[Start of Attachment]
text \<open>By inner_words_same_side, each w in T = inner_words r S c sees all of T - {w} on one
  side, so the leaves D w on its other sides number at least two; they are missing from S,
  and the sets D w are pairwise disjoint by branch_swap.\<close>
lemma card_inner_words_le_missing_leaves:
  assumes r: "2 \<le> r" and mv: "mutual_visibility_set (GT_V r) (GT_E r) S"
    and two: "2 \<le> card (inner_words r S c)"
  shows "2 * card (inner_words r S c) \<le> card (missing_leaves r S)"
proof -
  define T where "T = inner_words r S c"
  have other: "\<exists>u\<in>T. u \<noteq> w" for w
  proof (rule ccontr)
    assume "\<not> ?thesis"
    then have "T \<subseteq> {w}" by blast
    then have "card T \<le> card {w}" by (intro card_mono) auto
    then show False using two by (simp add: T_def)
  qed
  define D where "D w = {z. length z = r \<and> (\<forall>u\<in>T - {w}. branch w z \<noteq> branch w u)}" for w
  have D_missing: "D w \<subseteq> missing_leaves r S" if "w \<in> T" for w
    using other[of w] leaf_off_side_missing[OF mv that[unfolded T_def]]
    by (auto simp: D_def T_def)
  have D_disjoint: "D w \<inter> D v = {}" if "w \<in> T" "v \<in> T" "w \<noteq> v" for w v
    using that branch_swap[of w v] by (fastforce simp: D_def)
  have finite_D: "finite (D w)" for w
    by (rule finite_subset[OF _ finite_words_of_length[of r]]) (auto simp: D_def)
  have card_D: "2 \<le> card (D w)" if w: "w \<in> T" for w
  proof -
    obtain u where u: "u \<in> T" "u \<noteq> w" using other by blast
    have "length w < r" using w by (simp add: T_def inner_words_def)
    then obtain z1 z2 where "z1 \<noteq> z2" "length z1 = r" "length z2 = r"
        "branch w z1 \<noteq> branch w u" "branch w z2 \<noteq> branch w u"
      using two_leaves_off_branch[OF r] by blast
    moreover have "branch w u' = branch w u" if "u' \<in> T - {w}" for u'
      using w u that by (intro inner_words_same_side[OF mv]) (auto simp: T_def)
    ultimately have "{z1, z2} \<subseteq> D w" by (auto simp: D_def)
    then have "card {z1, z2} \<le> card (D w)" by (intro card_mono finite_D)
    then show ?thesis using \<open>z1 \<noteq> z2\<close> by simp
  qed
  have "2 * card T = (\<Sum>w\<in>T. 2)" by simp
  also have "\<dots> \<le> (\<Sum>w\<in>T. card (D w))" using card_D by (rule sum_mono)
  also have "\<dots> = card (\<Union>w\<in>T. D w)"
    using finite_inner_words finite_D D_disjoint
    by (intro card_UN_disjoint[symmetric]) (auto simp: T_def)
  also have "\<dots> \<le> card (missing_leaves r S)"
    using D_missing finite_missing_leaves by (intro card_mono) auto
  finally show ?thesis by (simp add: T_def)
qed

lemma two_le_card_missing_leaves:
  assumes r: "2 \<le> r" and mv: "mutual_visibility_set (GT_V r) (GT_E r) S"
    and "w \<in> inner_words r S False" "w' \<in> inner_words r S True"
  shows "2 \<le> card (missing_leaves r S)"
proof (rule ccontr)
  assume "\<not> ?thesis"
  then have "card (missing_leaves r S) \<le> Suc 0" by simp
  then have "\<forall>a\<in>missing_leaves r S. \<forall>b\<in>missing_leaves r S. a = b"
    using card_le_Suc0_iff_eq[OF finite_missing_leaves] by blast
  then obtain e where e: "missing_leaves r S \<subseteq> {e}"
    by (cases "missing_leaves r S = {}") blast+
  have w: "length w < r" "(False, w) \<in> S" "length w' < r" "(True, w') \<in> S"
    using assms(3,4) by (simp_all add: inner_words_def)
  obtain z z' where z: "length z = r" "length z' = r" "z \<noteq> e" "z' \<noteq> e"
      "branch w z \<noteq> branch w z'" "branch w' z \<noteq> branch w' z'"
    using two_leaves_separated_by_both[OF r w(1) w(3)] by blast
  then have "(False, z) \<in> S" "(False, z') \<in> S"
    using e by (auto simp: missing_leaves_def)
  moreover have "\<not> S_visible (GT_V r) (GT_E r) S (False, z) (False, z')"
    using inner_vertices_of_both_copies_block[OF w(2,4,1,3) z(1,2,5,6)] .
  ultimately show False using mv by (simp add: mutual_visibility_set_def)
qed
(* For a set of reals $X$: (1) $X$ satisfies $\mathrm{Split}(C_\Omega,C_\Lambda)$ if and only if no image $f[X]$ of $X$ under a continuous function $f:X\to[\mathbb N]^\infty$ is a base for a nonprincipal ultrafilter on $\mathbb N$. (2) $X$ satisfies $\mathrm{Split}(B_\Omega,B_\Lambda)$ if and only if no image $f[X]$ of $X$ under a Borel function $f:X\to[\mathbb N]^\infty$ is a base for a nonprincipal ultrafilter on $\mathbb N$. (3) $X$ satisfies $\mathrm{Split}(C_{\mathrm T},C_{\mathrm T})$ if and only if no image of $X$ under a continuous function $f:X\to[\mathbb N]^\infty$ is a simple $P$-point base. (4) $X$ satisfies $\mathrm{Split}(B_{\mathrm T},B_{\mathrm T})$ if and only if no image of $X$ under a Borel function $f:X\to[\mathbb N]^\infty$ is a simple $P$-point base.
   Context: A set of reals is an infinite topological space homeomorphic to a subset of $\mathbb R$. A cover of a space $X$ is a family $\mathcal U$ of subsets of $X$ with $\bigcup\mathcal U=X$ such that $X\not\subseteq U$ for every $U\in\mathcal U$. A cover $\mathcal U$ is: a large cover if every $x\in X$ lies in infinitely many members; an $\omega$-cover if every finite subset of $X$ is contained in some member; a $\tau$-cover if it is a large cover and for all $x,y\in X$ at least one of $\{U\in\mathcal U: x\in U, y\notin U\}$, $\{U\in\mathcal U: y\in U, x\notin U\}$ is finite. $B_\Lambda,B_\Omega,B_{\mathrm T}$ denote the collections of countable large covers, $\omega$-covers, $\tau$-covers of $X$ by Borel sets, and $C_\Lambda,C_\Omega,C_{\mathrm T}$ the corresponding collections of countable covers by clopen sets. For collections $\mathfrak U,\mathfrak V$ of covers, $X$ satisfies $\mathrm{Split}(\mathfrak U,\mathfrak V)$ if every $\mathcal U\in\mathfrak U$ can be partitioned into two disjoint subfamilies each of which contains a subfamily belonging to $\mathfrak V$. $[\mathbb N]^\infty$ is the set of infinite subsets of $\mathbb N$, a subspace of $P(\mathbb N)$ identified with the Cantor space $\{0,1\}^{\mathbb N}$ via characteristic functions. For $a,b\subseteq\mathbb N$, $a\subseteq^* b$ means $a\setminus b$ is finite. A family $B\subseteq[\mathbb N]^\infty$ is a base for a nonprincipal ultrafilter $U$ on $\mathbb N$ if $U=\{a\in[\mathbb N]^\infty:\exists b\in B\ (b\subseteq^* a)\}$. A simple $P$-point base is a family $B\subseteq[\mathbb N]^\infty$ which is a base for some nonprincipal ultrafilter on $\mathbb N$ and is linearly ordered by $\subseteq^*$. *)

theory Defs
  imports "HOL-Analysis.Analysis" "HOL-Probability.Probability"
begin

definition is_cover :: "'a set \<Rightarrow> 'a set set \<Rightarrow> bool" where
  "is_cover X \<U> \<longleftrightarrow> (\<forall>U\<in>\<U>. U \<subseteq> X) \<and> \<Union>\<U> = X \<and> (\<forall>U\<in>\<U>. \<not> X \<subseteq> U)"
[End of Attachment]
[Start of Attachment]
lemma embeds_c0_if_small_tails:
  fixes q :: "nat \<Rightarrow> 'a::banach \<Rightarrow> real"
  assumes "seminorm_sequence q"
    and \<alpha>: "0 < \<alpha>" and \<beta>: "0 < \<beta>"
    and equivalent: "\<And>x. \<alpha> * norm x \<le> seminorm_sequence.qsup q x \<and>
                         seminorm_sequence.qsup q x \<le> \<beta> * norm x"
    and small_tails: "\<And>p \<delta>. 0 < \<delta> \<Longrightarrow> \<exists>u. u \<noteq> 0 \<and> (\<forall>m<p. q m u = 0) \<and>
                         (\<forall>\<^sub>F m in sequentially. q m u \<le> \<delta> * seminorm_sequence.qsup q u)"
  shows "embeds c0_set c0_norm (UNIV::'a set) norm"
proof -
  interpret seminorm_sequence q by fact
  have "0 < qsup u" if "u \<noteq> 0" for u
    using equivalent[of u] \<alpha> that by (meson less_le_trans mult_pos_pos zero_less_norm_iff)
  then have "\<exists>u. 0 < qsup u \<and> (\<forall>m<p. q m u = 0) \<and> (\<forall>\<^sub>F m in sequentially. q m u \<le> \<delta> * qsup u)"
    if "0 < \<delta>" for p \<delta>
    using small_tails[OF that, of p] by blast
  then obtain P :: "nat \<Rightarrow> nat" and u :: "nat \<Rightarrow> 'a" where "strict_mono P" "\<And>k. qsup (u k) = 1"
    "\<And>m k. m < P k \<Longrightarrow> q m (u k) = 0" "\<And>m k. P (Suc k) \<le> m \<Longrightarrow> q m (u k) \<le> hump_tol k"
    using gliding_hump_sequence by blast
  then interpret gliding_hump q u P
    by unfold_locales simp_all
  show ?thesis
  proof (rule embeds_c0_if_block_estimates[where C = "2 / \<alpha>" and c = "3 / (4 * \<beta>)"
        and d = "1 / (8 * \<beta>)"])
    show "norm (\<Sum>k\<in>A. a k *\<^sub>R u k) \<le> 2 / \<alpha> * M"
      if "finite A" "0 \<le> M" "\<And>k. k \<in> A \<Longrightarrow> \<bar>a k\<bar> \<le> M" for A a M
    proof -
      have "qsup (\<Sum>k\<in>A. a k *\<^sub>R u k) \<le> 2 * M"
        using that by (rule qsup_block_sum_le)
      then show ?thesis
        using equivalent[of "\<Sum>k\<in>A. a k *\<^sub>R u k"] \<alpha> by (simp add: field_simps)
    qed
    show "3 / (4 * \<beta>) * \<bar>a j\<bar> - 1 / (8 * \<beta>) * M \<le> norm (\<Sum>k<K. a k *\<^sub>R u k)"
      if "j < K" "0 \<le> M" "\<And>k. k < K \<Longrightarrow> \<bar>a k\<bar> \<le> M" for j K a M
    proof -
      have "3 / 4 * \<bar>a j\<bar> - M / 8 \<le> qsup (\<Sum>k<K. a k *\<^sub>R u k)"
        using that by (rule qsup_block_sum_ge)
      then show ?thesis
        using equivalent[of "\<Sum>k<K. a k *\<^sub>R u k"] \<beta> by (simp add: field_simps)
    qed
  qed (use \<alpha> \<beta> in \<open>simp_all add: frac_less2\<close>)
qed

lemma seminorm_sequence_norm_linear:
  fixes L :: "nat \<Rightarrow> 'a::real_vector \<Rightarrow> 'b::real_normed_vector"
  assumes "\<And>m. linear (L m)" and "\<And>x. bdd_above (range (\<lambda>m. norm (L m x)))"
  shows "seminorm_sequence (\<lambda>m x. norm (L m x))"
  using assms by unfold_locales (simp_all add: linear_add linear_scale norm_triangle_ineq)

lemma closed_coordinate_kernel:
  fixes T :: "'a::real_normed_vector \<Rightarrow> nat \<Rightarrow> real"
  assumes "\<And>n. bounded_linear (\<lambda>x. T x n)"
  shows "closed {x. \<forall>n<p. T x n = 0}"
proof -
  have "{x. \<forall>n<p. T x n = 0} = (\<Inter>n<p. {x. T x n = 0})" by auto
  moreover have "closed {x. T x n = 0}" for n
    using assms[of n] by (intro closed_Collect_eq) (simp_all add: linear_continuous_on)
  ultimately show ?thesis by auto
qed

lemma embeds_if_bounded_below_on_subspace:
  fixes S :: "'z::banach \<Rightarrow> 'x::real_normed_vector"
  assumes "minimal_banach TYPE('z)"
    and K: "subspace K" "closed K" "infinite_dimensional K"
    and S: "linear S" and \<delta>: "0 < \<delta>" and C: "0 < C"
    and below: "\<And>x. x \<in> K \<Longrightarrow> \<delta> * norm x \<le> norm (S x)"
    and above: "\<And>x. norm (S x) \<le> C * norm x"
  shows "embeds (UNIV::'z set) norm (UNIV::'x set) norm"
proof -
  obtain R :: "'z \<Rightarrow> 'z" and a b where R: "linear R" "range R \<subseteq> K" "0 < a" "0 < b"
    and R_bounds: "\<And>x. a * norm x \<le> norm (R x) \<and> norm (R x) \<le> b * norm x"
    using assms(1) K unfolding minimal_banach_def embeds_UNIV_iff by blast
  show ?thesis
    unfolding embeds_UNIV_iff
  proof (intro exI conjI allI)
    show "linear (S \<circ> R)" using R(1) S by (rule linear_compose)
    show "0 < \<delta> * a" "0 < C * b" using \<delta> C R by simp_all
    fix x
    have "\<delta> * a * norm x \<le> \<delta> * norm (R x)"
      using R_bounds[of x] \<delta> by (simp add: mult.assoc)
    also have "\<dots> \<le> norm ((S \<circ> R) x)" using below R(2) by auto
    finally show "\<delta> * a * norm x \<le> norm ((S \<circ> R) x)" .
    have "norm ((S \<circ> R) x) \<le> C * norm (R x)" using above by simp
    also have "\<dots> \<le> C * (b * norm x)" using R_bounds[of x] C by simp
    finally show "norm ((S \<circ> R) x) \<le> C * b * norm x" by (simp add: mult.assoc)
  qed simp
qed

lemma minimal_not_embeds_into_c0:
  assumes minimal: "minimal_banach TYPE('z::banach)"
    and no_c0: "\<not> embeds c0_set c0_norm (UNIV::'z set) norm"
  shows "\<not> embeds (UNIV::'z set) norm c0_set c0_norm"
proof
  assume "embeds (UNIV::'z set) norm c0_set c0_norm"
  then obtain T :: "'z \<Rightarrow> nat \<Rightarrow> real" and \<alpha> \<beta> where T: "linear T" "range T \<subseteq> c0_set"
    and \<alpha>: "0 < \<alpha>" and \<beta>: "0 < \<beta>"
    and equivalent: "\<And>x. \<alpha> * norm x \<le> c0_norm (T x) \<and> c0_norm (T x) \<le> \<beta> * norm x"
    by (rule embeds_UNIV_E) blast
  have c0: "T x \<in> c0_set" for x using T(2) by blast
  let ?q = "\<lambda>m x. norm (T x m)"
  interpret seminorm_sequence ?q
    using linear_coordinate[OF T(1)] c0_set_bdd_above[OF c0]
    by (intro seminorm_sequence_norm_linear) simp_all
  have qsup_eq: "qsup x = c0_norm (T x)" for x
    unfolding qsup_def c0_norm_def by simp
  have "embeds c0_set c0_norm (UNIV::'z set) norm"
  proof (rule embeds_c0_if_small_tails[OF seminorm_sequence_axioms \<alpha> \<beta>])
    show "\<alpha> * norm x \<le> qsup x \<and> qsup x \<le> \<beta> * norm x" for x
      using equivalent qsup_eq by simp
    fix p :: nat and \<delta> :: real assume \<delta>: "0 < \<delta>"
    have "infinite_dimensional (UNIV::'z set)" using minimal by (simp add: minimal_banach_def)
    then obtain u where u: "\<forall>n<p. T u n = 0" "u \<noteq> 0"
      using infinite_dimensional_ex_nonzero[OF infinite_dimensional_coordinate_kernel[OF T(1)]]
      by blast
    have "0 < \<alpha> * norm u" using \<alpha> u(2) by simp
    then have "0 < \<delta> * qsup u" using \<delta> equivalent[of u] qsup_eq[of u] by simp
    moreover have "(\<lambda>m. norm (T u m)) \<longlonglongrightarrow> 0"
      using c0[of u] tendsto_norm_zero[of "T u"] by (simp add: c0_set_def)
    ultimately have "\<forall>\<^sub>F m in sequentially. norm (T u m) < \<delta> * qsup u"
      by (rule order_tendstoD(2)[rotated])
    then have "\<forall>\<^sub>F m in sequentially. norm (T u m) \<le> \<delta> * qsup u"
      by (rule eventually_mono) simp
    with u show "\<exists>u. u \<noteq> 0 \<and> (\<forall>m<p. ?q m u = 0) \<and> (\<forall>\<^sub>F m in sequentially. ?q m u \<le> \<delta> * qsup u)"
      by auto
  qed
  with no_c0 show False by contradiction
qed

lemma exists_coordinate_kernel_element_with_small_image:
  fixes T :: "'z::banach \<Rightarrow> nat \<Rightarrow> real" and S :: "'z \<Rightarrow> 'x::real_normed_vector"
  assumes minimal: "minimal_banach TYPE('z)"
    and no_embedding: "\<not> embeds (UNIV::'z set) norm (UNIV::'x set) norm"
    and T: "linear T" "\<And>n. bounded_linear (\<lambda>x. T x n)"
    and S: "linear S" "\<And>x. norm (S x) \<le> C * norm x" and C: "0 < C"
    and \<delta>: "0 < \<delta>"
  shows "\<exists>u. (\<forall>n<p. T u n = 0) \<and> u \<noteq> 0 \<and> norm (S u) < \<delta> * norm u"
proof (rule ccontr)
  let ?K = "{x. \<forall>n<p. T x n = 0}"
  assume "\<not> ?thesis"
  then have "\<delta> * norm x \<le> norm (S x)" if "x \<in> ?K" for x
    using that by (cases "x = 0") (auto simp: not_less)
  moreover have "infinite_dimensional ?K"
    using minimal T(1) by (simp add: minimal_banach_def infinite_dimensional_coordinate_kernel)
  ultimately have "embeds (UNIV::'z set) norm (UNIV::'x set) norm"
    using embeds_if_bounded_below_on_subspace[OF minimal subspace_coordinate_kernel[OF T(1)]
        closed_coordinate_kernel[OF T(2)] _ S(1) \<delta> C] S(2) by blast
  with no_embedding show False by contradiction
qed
[End of Attachment]
[Start of Attachment]
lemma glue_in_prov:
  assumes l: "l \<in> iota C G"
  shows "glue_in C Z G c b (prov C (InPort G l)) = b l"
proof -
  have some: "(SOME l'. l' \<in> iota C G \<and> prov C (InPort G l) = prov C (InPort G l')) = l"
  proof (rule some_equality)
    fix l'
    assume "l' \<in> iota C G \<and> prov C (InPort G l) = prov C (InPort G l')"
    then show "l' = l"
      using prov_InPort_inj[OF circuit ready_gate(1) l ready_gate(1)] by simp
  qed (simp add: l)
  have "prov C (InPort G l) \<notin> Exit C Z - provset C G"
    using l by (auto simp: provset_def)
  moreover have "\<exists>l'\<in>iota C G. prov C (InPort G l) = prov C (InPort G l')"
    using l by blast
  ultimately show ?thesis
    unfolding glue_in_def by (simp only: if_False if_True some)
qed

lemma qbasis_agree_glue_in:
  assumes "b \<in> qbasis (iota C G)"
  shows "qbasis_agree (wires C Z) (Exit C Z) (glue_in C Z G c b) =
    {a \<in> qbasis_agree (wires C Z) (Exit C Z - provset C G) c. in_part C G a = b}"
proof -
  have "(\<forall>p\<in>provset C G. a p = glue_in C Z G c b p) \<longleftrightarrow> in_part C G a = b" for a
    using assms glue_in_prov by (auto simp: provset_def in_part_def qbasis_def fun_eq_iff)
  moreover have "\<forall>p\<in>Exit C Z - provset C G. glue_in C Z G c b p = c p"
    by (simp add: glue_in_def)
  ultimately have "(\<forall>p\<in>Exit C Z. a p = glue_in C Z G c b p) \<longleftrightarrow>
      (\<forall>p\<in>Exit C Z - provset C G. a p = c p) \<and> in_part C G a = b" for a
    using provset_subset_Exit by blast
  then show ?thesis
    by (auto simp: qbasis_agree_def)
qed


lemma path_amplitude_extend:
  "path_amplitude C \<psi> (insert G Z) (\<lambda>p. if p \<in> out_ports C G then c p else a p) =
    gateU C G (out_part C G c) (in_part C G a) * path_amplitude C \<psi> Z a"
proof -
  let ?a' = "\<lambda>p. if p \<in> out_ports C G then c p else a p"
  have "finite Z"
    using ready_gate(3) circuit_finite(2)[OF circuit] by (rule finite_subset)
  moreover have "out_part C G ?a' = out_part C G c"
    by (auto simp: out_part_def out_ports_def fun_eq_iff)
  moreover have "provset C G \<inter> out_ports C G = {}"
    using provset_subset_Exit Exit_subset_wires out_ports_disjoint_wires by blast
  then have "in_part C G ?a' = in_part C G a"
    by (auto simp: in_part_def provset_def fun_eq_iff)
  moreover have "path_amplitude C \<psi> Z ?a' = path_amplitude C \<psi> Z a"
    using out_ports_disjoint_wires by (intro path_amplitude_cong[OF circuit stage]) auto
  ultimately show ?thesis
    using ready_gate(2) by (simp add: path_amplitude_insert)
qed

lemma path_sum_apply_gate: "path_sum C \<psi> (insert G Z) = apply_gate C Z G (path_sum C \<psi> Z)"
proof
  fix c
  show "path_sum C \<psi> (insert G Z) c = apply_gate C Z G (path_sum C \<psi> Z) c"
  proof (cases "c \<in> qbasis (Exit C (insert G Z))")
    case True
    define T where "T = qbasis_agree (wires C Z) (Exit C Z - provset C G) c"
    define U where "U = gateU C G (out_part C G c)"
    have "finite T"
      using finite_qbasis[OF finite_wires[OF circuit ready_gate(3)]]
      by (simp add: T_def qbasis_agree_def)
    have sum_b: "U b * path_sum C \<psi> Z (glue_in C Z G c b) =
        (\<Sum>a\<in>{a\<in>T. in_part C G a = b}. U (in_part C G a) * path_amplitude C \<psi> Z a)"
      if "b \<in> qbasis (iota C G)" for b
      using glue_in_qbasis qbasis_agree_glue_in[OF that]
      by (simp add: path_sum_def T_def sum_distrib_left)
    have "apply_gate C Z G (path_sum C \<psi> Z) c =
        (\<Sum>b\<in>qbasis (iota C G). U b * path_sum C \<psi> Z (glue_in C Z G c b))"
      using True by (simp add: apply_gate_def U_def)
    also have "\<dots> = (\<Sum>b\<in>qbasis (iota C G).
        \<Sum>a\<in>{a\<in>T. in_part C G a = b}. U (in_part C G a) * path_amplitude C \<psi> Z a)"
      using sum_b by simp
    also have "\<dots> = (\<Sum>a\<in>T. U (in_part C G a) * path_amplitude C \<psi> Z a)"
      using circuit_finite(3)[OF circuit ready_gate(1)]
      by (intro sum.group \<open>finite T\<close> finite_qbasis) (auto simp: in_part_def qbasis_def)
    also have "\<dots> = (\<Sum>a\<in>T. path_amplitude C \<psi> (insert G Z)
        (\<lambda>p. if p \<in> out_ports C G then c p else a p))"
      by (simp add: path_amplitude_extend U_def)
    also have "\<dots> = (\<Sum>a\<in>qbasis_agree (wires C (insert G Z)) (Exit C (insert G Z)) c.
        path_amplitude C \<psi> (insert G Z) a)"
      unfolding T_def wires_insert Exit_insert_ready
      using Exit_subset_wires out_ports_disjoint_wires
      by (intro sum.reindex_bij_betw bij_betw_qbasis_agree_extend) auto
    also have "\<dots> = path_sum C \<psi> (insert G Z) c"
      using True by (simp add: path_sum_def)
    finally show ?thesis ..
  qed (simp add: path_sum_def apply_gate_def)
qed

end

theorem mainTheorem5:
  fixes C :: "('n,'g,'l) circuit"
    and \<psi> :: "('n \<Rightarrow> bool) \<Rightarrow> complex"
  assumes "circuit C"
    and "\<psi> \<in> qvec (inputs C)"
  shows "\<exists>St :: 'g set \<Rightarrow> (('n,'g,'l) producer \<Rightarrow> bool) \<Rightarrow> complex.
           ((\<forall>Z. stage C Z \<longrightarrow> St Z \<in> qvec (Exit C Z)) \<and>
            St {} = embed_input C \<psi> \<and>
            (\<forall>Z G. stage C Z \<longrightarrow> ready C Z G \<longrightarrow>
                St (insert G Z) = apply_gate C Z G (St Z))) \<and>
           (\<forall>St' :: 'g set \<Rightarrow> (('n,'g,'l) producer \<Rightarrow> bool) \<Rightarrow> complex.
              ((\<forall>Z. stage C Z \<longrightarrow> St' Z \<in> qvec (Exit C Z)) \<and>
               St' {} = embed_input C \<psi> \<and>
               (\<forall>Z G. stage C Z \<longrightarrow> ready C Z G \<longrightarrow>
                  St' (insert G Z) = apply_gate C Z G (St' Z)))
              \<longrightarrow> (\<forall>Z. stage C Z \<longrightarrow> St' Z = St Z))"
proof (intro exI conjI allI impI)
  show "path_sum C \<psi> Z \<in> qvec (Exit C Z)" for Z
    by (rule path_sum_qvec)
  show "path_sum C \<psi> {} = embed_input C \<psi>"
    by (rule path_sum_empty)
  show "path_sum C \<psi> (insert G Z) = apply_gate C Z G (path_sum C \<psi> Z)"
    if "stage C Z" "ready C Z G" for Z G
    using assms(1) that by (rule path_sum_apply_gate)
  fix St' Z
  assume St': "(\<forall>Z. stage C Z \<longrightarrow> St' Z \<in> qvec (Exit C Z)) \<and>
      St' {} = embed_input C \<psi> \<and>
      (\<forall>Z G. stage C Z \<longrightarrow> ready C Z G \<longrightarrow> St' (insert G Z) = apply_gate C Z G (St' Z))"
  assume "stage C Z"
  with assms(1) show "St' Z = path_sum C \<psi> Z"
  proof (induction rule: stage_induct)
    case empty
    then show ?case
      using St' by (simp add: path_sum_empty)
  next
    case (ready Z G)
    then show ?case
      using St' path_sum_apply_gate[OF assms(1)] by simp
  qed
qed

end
[End of Attachment]
• _To do_
Copy every line from the records above that contains the word "fixes".

• _Finished task_
  fixes q :: "nat \<Rightarrow> 'a::banach \<Rightarrow> real"
  fixes L :: "nat \<Rightarrow> 'a::real_vector \<Rightarrow> 'b::real_normed_vector"
  fixes T :: "'a::real_normed_vector \<Rightarrow> nat \<Rightarrow> real"
  fixes S :: "'z::banach \<Rightarrow> 'x::real_normed_vector"
  fixes T :: "'z::banach \<Rightarrow> nat \<Rightarrow> real" and S :: "'z \<Rightarrow> 'x::real_normed_vector"
  fixes C :: "('n,'g,'l) circuit"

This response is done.